> _EXTRACTED ENTRIES_:
───
(*
  Enumerate the worlds as D_0, D_1, ... and encode D_i, listed as f_0, ..., f_(m-1), by a chain
  of facts over a three-relation schema: a start mark on node (i, 0), an end mark on node (i, m),
  and for k < m a link from node (i, k) to node (i, k + 1) carrying f_k.  There is a
  tuple-independent PDB whose worlds are all finite sets of chain facts, because the binary digits
  of a geometrically distributed number are independent.  A first-order sentence checks that a
  world has exactly one start mark and that every node it mentions has a start mark or an
  incoming link, and an end mark or an outgoing link; following the links from the start shows
  that among sets of chain facts exactly the complete chains pass this test.  The view decodes
  the complete chain i to D_i and maps every other world to D_0.
*)

section \<open>Tuple-independent random finite subsets\<close>

lemma geometric_pmf_parity_split:
  fixes x :: real
  assumes "0 < x" "x < 1"
  shows "map_pmf (\<lambda>n. (odd n, n div 2)) (geometric_pmf (1 - x)) =
         pair_pmf (bernoulli_pmf (x / (1 + x))) (geometric_pmf (1 - x\<^sup>2))"
proof (rule pmf_eqI)
  fix bm :: "bool \<times> nat"
  obtain b m where bm: "bm = (b, m)" by (cases bm)
  have inj: "inj (\<lambda>n::nat. (odd n, n div 2))"
    by (rule injI) (metis div_mult_mod_eq odd_iff_mod_2_eq_one even_iff_mod_2_eq_zero prod.inject)
  have "bm = (\<lambda>n. (odd n, n div 2)) (2 * m + of_bool b)"
    unfolding bm by auto
  then have "pmf (map_pmf (\<lambda>n. (odd n, n div 2)) (geometric_pmf (1 - x))) bm =
      pmf (geometric_pmf (1 - x)) (2 * m + of_bool b)"
    by (simp only: pmf_map_inj'[OF inj])
  also have "\<dots> = x ^ (2 * m + of_bool b) * (1 - x)"
    using assms by simp
  also have "\<dots> = pmf (bernoulli_pmf (x / (1 + x))) b * ((x\<^sup>2) ^ m * (1 - x\<^sup>2))"
    using assms by (cases b) (simp_all add: power_mult field_simps power2_eq_square)
  also have "\<dots> = pmf (pair_pmf (bernoulli_pmf (x / (1 + x))) (geometric_pmf (1 - x\<^sup>2))) bm"
    using assms by (simp add: bm pmf_pair power_less_one_iff)
  finally show "pmf (map_pmf (\<lambda>n. (odd n, n div 2)) (geometric_pmf (1 - x))) bm = \<dots>" .
qed

lemma subset_set_decode_iff:
  "K \<subseteq> set_decode n \<longleftrightarrow> (0 \<in> K \<longrightarrow> odd n) \<and> Suc -` K \<subseteq> set_decode (n div 2)"
proof -
  have "k \<in> set_decode n \<longleftrightarrow> (k = 0 \<longrightarrow> odd n) \<and> (\<forall>j. k = Suc j \<longrightarrow> j \<in> set_decode (n div 2))" for k
    by (cases k) auto
  then show ?thesis
    by blast
qed

lemma prod_split_0_Suc:
  assumes "finite K"
  shows "(\<Prod>k\<in>K. f k) = (if 0 \<in> K then f 0 else 1) * (\<Prod>k\<in>Suc -` K. f (Suc k))"
proof -
  have K: "K = (K \<inter> {0}) \<union> Suc ` (Suc -` K)"
    by (auto simp: image_iff) (metis not0_implies_Suc)
  have "(\<Prod>k\<in>K. f k) = (\<Prod>k\<in>K \<inter> {0}. f k) * (\<Prod>k\<in>Suc ` (Suc -` K). f k)"
    using assms by (subst K, subst prod.union_disjoint) auto
  also have "(\<Prod>k\<in>Suc ` (Suc -` K). f k) = (\<Prod>k\<in>Suc -` K. f (Suc k))"
    by (rule prod.reindex_cong[of Suc]) auto
  finally show ?thesis
    by (simp add: Int_insert_right)
qed

lemma prob_subset_set_decode_geometric_step:
  fixes x :: real
  assumes "0 < x" "x < 1"
  shows "measure_pmf.prob (geometric_pmf (1 - x)) {n. K \<subseteq> set_decode n} =
    (if 0 \<in> K then x / (1 + x) else 1) *
    measure_pmf.prob (geometric_pmf (1 - x\<^sup>2)) {m. Suc -` K \<subseteq> set_decode m}"
proof -
  have "{n. K \<subseteq> set_decode n} =
      (\<lambda>n. (odd n, n div 2)) -` ({b. 0 \<in> K \<longrightarrow> b} \<times> {m. Suc -` K \<subseteq> set_decode m})"
    by (auto simp: subset_set_decode_iff[of K])
  then have "measure_pmf.prob (geometric_pmf (1 - x)) {n. K \<subseteq> set_decode n} =
      measure_pmf.prob (map_pmf (\<lambda>n. (odd n, n div 2)) (geometric_pmf (1 - x)))
        ({b. 0 \<in> K \<longrightarrow> b} \<times> {m. Suc -` K \<subseteq> set_decode m})"
    by simp
  also have "\<dots> = measure_pmf.prob (bernoulli_pmf (x / (1 + x))) {b. 0 \<in> K \<longrightarrow> b} *
      measure_pmf.prob (geometric_pmf (1 - x\<^sup>2)) {m. Suc -` K \<subseteq> set_decode m}"
    unfolding geometric_pmf_parity_split[OF assms]
    by (rule measure_pmf_prob_product) (simp_all add: countableI_type)
  also have "{b. 0 \<in> K \<longrightarrow> b} = (if 0 \<in> K then {True} else UNIV)"
    by auto
  finally show ?thesis
    using assms by (simp add: measure_pmf_single)
qed

lemma prob_subset_set_decode_geometric:
  fixes x :: real
  assumes "0 < x" "x < 1" "finite K"
  shows "measure_pmf.prob (geometric_pmf (1 - x)) {n. K \<subseteq> set_decode n} =
         (\<Prod>k\<in>K. x ^ 2 ^ k / (1 + x ^ 2 ^ k))"
proof -
  obtain N where "K \<subseteq> {..<N}"
    using assms(3) finite_nat_iff_bounded by auto
  then show ?thesis
    using assms(1,2)
  proof (induction N arbitrary: K x)
    case 0
    then show ?case
      by simp
  next
    case (Suc N)
    have "0 < x\<^sup>2" "x\<^sup>2 < 1"
      using Suc.prems by (auto simp: power_less_one_iff)
    moreover have "Suc -` K \<subseteq> {..<N}"
      using Suc.prems(1) by auto
    ultimately have "measure_pmf.prob (geometric_pmf (1 - x\<^sup>2)) {m. Suc -` K \<subseteq> set_decode m} =
        (\<Prod>k\<in>Suc -` K. x ^ 2 ^ Suc k / (1 + x ^ 2 ^ Suc k))"
      using Suc.IH by (simp add: power_mult[symmetric] mult.commute)
    then show ?case
      using Suc.prems finite_subset[OF Suc.prems(1)]
      by (simp add: prob_subset_set_decode_geometric_step prod_split_0_Suc[of K])
  qed
qed

definition random_finite_subset :: "(nat \<Rightarrow> 'a) \<Rightarrow> 'a set pmf" where
  "random_finite_subset enc = map_pmf (\<lambda>n. enc ` set_decode n) (geometric_pmf (1/2))"

(* The binary digit k of a Geometric(1/2) number is 1 with probability (1/2)^2^k / (1 + (1/2)^2^k). *)
definition inclusion_prob :: "(nat \<Rightarrow> 'a) \<Rightarrow> 'a \<Rightarrow> real" where
  "inclusion_prob enc f =
     (if f \<in> range enc then (1/2) ^ 2 ^ inv enc f / (1 + (1/2) ^ 2 ^ inv enc f) else 0)"

lemma set_pmf_random_finite_subset:
  assumes "inj enc"
  shows "set_pmf (random_finite_subset enc) = {W. W \<subseteq> range enc \<and> finite W}"
proof -
  have "range set_decode = Collect finite"
    by (auto simp: image_iff) (metis set_encode_inverse)
  then have "set_pmf (random_finite_subset enc) = (\<lambda>B. enc ` B) ` Collect finite"
    unfolding random_finite_subset_def by (simp add: set_pmf_geometric image_image[symmetric])
  also have "\<dots> = {W. W \<subseteq> range enc \<and> finite W}"
  proof (intro equalityI subsetI)
    fix W
    assume "W \<in> {W. W \<subseteq> range enc \<and> finite W}"
    then have "W = enc ` (enc -` W)" "finite (enc -` W)"
      using assms by (auto simp: finite_vimageI)
    then show "W \<in> (\<lambda>B. enc ` B) ` Collect finite"
      by blast
  qed auto
  finally show ?thesis .
qed

lemma prob_superset_random_finite_subset:
  assumes "inj enc" "finite B"
  shows "measure_pmf.prob (random_finite_subset enc) {W. B \<subseteq> W} = (\<Prod>f\<in>B. inclusion_prob enc f)"
proof (cases "B \<subseteq> range enc")
  case True
  define K where "K = enc -` B"
  have B: "B = enc ` K"
    using True by (auto simp: K_def)
  have "finite K"
    using assms by (simp add: K_def finite_vimageI)
  have "measure_pmf.prob (random_finite_subset enc) {W. B \<subseteq> W} =
      measure_pmf.prob (geometric_pmf (1 - 1/2)) {n. K \<subseteq> set_decode n}"
    unfolding random_finite_subset_def B by (simp add: inj_image_subset_iff[OF assms(1)])
  also have "\<dots> = (\<Prod>k\<in>K. inclusion_prob enc (enc k))"
    using prob_subset_set_decode_geometric[of "1/2", OF _ _ \<open>finite K\<close>] assms(1)
    by (simp add: inclusion_prob_def)
  also have "\<dots> = (\<Prod>f\<in>B. inclusion_prob enc f)"
    unfolding B by (simp add: prod.reindex inj_on_subset[OF assms(1) subset_UNIV])
  finally show ?thesis .
next
  case False
  then obtain f where f: "f \<in> B" "f \<notin> range enc"
    by blast
  then have "{n. B \<subseteq> enc ` set_decode n} = {}"
    by auto
  then show ?thesis
    using assms(2) f unfolding random_finite_subset_def
    by (auto simp: inclusion_prob_def prod_zero_iff)
qed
───
> _BRIEF_:
Extract from the material all lines containing the string "every".

> _SOLUTION TO THIS PROBLEM_:
  world has exactly one start mark and that every node it mentions has a start mark or an
  the complete chain i to D_i and maps every other world to D_0.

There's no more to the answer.